Is there another way to perform this task as well?


Solution

  • The xsl:for-each-group instruction with @group-by is streamable as far as the technical definition is concerned, because it can operate without having the full source document in memory; however, it constructs the selected groups in memory, so it can still have a high memory requirement. So this isn't the right approach.

    I think you're on the right lines here, but you can use group-adjacent rather than group-by, which makes it fully streamable.

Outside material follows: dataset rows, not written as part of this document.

lemma fps_radius_ge_const [simp]: "fps_radius_ge r (fps_const c)"
  and fps_radius_ge_1 [simp]: "fps_radius_ge r 1"
  and fps_radius_ge_numeral [simp]: "fps_radius_ge r (numeral k)"
  and fps_radius_ge_X [simp]: "fps_radius_ge r fps_X"
  by (simp_all add: fps_radius_ge_def)

lemma fps_radius_ge_less: "fps_radius_ge r f \<Longrightarrow> \<bar>t\<bar> < r \<Longrightarrow> norm t < fps_conv_radius f"
  unfolding fps_radius_ge_def by (rule less_le_trans[of _ "ereal r"]) auto

lemma eval_fps_radius_ge:
  assumes "fps_radius_ge r f" "fps_radius_ge r g" "\<bar>t\<bar> < r"
  shows "eval_fps (f + g) t = eval_fps f t + eval_fps g t"
    and "eval_fps (f - g) t = eval_fps f t - eval_fps g t"
    and "eval_fps (f * g) t = eval_fps f t * eval_fps g t"
  using assms by (auto intro: eval_fps_add eval_fps_diff eval_fps_mult fps_radius_ge_less)

lemma eval_fps_power_radius_ge:
  "fps_radius_ge r f \<Longrightarrow> \<bar>t\<bar> < r \<Longrightarrow> eval_fps (f ^ n) t = eval_fps f t ^ n"
  by (intro eval_fps_power fps_radius_ge_less)

lemma eval_fps_bounds:
  fixes f :: "real fps"
  assumes bound: "\<And>n. 0 \<le> f $ n \<and> f $ n \<le> C ^ n" and t: "0 \<le> t" "C * t < 1"
  shows "0 \<le> eval_fps f t \<and> eval_fps f t \<le> 1 / (1 - C * t)"
proof -
  have C: "0 \<le> C" using bound[of 1] by simp
  have le: "f $ n * t ^ n \<le> (C * t) ^ n" for n
    using bound[of n] t by (simp add: power_mult_distrib mult_right_mono)
  have geom: "summable (\<lambda>n. (C * t) ^ n)" using t C by (intro summable_geometric) simp
  have sum: "summable (\<lambda>n. f $ n * t ^ n)"
    by (rule summable_comparison_test'[OF geom]) (use bound t le in simp)
  have "eval_fps f t \<le> (\<Sum>n. (C * t) ^ n)"
    unfolding eval_fps_def using le sum geom by (rule suminf_le)
  also have "\<dots> = 1 / (1 - C * t)" using t C by (intro suminf_geometric) simp
  finally show ?thesis
    unfolding eval_fps_def using sum bound t by (auto intro!: suminf_nonneg)
qed

lemma catalan_le: "catalan n \<le> 9 ^ n"
  using card_return_paths_le[of "2 * n" 0] by (simp add: catalan_eq_card_return_paths power_mult)

lemma card_marked_paths_le: "card (marked_paths N) \<le> 3 ^ N"
  unfolding card_step_lists[symmetric]
  by (rule card_mono[OF finite_step_lists]) (auto simp: marked_paths_def)

lemma catalan_at_coeff_bounds:
  "0 \<le> c \<Longrightarrow> c \<le> 1 \<Longrightarrow> 0 \<le> catalan_at c $ n \<and> catalan_at c $ n \<le> (9 :: real) ^ n"
proof -
  assume c: "0 \<le> c" "c \<le> 1"
  have "c ^ n * catalan n \<le> 1 * 9 ^ n"
    using catalan_le[of n] c by (intro mult_mono power_le_one) (auto simp: of_nat_le_iff[symmetric])
  then show ?thesis using c by (simp add: catalan_at_def catalan_fps_def)
qed

lemma marked_fps_coeff_bounds:
  "0 \<le> y \<Longrightarrow> y \<le> 1 \<Longrightarrow> 0 \<le> marked_fps y $ n \<and> marked_fps y $ n \<le> (9 :: real) ^ n"
proof -
  assume y: "0 \<le> y" "y \<le> 1"
  have "(\<Sum>P\<in>marked_paths (2 * n). y ^ U2_pos P) \<le> (\<Sum>P\<in>marked_paths (2 * n). 1)"
    using y by (intro sum_mono) (simp add: power_le_one)
  also have "\<dots> \<le> 9 ^ n"
    using card_marked_paths_le[of "2 * n"] by (simp add: power_mult of_nat_le_iff[symmetric])
  finally show ?thesis using y by (simp add: marked_fps_def sum_nonneg)
qed

lemma sqrt_one_minus_four_eq:
  fixes s c :: real
  assumes c: "c = 1 + s * c ^ 2" and pos: "0 \<le> 1 - 2 * s * c"
  shows "sqrt (1 - 4 * s) = 1 - 2 * s * c"
proof -
  have sc: "s * c ^ 2 = c - 1" using c by simp
  have "(1 - 2 * s * c) ^ 2 = 1 - 4 * s * c + 4 * s * (s * c ^ 2)"
    by (simp add: power2_eq_square algebra_simps)
  also have "\<dots> = 1 - 4 * s"
    unfolding sc by (simp add: algebra_simps)
  finally have "sqrt (1 - 4 * s) = sqrt ((1 - 2 * s * c) ^ 2)" by simp
  also have "\<dots> = 1 - 2 * s * c" using pos by simp
  finally show ?thesis .
qed

lemma H_closed_eq:
  fixes t x c a :: real
  assumes tx: "0 < t" "0 < x" and c: "c = 1 + t * c ^ 2" and a: "a = 1 + x ^ 2 * t * a ^ 2"
    and sc: "0 \<le> 1 - 2 * t * c" and ra: "0 \<le> 1 - 2 * x ^ 2 * t * a"
  shows "H_closed t x = t * x * c * (x * a - c) / ((1 - x) * (1 - 2 * t * c) * (x * t * a * c - 1))"
proof -
  have s: "sqrt (1 - 4 * t) = 1 - 2 * t * c"
    by (rule sqrt_one_minus_four_eq[OF c sc])
  have r: "sqrt (1 - 4 * t * x ^ 2) = 1 - 2 * x ^ 2 * t * a"
    using sqrt_one_minus_four_eq[of a "x ^ 2 * t"] a ra by (simp add: mult_ac)
  have num: "x * (1 - (1 - 2 * t * c)) * (1 - x + x * (1 - 2 * t * c) - (1 - 2 * x ^ 2 * t * a)) =
             4 * t * x * (t * x * c * (x * a - c))"
    by (simp add: algebra_simps power2_eq_square)
  have den: "(1 - x) * (1 - 2 * t * c) * (1 - 4 * t * x + (1 - 2 * x ^ 2 * t * a) * (1 - 2 * t * c) -
               (1 - 2 * t * c) - (1 - 2 * x ^ 2 * t * a)) =
             4 * t * x * ((1 - x) * (1 - 2 * t * c) * (x * t * a * c - 1))"
    by (simp add: algebra_simps power2_eq_square)
  show ?thesis
    unfolding H_closed_def s r num mult.assoc[symmetric, of "1 - x"] den
    using tx by (intro mult_divide_mult_cancel_left) simp
qed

Here's my solution:

    <xsl:stylesheet xmlns:xsl="http://www.w3.org/1999/XSL/Transform" xmlns:xs="http://www.w3.org/2001/XMLSchema" exclude-result-prefixes="xs" version="3.0">
      
      <xsl:mode streamable="yes" on-no-match="deep-skip"/>
      <xsl:mode name="non-streamable" on-no-match="shallow-skip"/>
      
      <xsl:template match="/Report">
        <xsl:element name="INV">
            <xsl:for-each-group select="*" group-adjacent="name() = 'Line'">
              <xsl:choose>
                <xsl:when test="current-grouping-key()">
                  <xsl:element name="LINES">
                    <xsl:apply-templates select="current-group()"/>                     
                  </xsl:element>
                </xsl:when>
                <xsl:otherwise>
                  <xsl:element name="HEAD">
                    <xsl:apply-templates select="current-group()/copy-of()" mode="non-streamable"/>                     
                  </xsl:element>
                </xsl:otherwise>
              </xsl:choose>
            </xsl:for-each-group>
        </xsl:element>
      </xsl:template>
      
      <xsl:template match="Date" mode="non-streamable">
        <DTM>
          <xsl:value-of select="."/>
        </DTM>
      </xsl:template>
      
      <xsl:template match="Number" mode="non-streamable">
        <ID>
          <xsl:value-of select="."/>
        </ID>
      </xsl:template>
      
      <xsl:template match="Line">
        <LINE>
          <xsl:apply-templates/>
        </LINE>
      </xsl:template>
      
      <xsl:template match="LineNumber">
          <NUM>
            <xsl:value-of select="."/>
          </NUM>
      </xsl:template>
      
      <xsl:template match="Description">
        <DESC>
          <xsl:value-of select="."/>
        </DESC>
      </xsl:template>
      
      <xsl:template match="Quantity">
        <QTY>
          <xsl:value-of select="."/>
        </QTY>
      </xsl:template>
      
    </xsl:stylesheet>
    

    I haven't tried it on a large input file, but I think it should operate in constant memory.